== Dataset entries

lemma isolable_subset: "isolable n \<subseteq> V"
proof (induction n)
  case 0
  show ?case
    using optimal_partition_path_partition[OF optimal] unfolding path_partition_def by fastforce
next
  case (Suc n)
  have "set [a, u, b] \<subseteq> V" if "[a, u, b] \<in> P" for a u b
    using that optimal_partition_path_partition[OF optimal] unfolding path_partition_def by blast
  then show ?case using Suc by auto
qed

lemma optimal_partition_no_isolated:
  assumes reg: "regular V E d" and d: "1 \<le> d"
  shows "\<forall>p\<in>P. \<not> isolated_vertex p"
proof (rule ccontr)
  assume "\<not> ?thesis"
  then obtain v0 where v0: "[v0] \<in> P"
    unfolding isolated_vertex_def by (auto simp: length_Suc_conv)
  define Y where "Y = (\<Union>n. isolable n)"
  define N where "N = {u. \<exists>y\<in>Y. E y u}"
  have fin_Y: "finite Y" using isolable_subset finite_V unfolding Y_def by (meson UN_least finite_subset)
  have N_V: "N \<subseteq> V" using edge_in_V unfolding N_def by blast
  then have fin_N: "finite N" using finite_V finite_subset by blast
  have "\<forall>u\<in>N. \<exists>a b. [a, u, b] \<in> P \<and> a \<in> Y \<and> b \<in> Y"
    using isolable_neighbour unfolding N_def Y_def by blast
  moreover have singletons_Y: "{y. [y] \<in> P} \<subseteq> Y" unfolding Y_def using isolable.simps(1) by blast
  ultimately have "card {y. [y] \<in> P} + 2 * card N \<le> card Y"
    using path_partition_card_singletons_middles_le[OF optimal_partition_path_partition[OF optimal]]
      fin_Y fin_N by blast
  moreover have "card {y. [y] \<in> P} \<noteq> 0"
    using v0 finite_subset[OF singletons_Y fin_Y] by auto
  ultimately have less: "card N < card Y" by linarith
  have "card {u \<in> N. E y u} = d" if "y \<in> Y" for y
  proof -
    have "y \<in> V" using that isolable_subset unfolding Y_def by blast
    moreover have "{u \<in> N. E y u} = {u \<in> V. E y u}" using that edge_in_V unfolding N_def by blast
    ultimately show ?thesis using reg unfolding regular_def by simp
  qed
  moreover have "card {y \<in> Y. E y u} \<le> d" if "u \<in> N" for u
  proof -
    have "{y \<in> Y. E y u} \<subseteq> {y \<in> V. E u y}" using sym edge_in_V by blast
    then have "card {y \<in> Y. E y u} \<le> card {y \<in> V. E u y}" using finite_V by (intro card_mono) auto
    also have "\<dots> = d" using reg that N_V unfolding regular_def by blast
    finally show ?thesis .
  qed
  ultimately have "d * card Y \<le> d * card N" using double_counting_le[OF fin_Y fin_N] by blast
  then show False using less d by simp
qed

====

(Your objective): The full set of records above must be retyped exactly.

(Solution for this problem):
lemma isolable_subset: "isolable n \<subseteq> V"
proof (induction n)
  case 0
  show ?case
    using optimal_partition_path_partition[OF optimal] unfolding path_partition_def by fastforce
next
  case (Suc n)
  have "set [a, u, b] \<subseteq> V" if "[a, u, b] \<in> P" for a u b
    using that optimal_partition_path_partition[OF optimal] unfolding path_partition_def by blast
  then show ?case using Suc by auto
qed

lemma optimal_partition_no_isolated:
  assumes reg: "regular V E d" and d: "1 \<le> d"
  shows "\<forall>p\<in>P. \<not> isolated_vertex p"
proof (rule ccontr)
  assume "\<not> ?thesis"
  then obtain v0 where v0: "[v0] \<in> P"
    unfolding isolated_vertex_def by (auto simp: length_Suc_conv)
  define Y where "Y = (\<Union>n. isolable n)"
  define N where "N = {u. \<exists>y\<in>Y. E y u}"
  have fin_Y: "finite Y" using isolable_subset finite_V unfolding Y_def by (meson UN_least finite_subset)
  have N_V: "N \<subseteq> V" using edge_in_V unfolding N_def by blast
  then have fin_N: "finite N" using finite_V finite_subset by blast
  have "\<forall>u\<in>N. \<exists>a b. [a, u, b] \<in> P \<and> a \<in> Y \<and> b \<in> Y"
    using isolable_neighbour unfolding N_def Y_def by blast
  moreover have singletons_Y: "{y. [y] \<in> P} \<subseteq> Y" unfolding Y_def using isolable.simps(1) by blast
  ultimately have "card {y. [y] \<in> P} + 2 * card N \<le> card Y"
    using path_partition_card_singletons_middles_le[OF optimal_partition_path_partition[OF optimal]]
      fin_Y fin_N by blast
  moreover have "card {y. [y] \<in> P} \<noteq> 0"
    using v0 finite_subset[OF singletons_Y fin_Y] by auto
  ultimately have less: "card N < card Y" by linarith
  have "card {u \<in> N. E y u} = d" if "y \<in> Y" for y
  proof -
    have "y \<in> V" using that isolable_subset unfolding Y_def by blast
    moreover have "{u \<in> N. E y u} = {u \<in> V. E y u}" using that edge_in_V unfolding N_def by blast
    ultimately show ?thesis using reg unfolding regular_def by simp
  qed
  moreover have "card {y \<in> Y. E y u} \<le> d" if "u \<in> N" for u
  proof -
    have "{y \<in> Y. E y u} \<subseteq> {y \<in> V. E u y}" using sym edge_in_V by blast
    then have "card {y \<in> Y. E y u} \<le> card {y \<in> V. E u y}" using finite_V by (intro card_mono) auto
    also have "\<dots> = d" using reg that N_V unfolding regular_def by blast
    finally show ?thesis .
  qed
  ultimately have "d * card Y \<le> d * card N" using double_counting_le[OF fin_Y fin_N] by blast
  then show False using less d by simp
qed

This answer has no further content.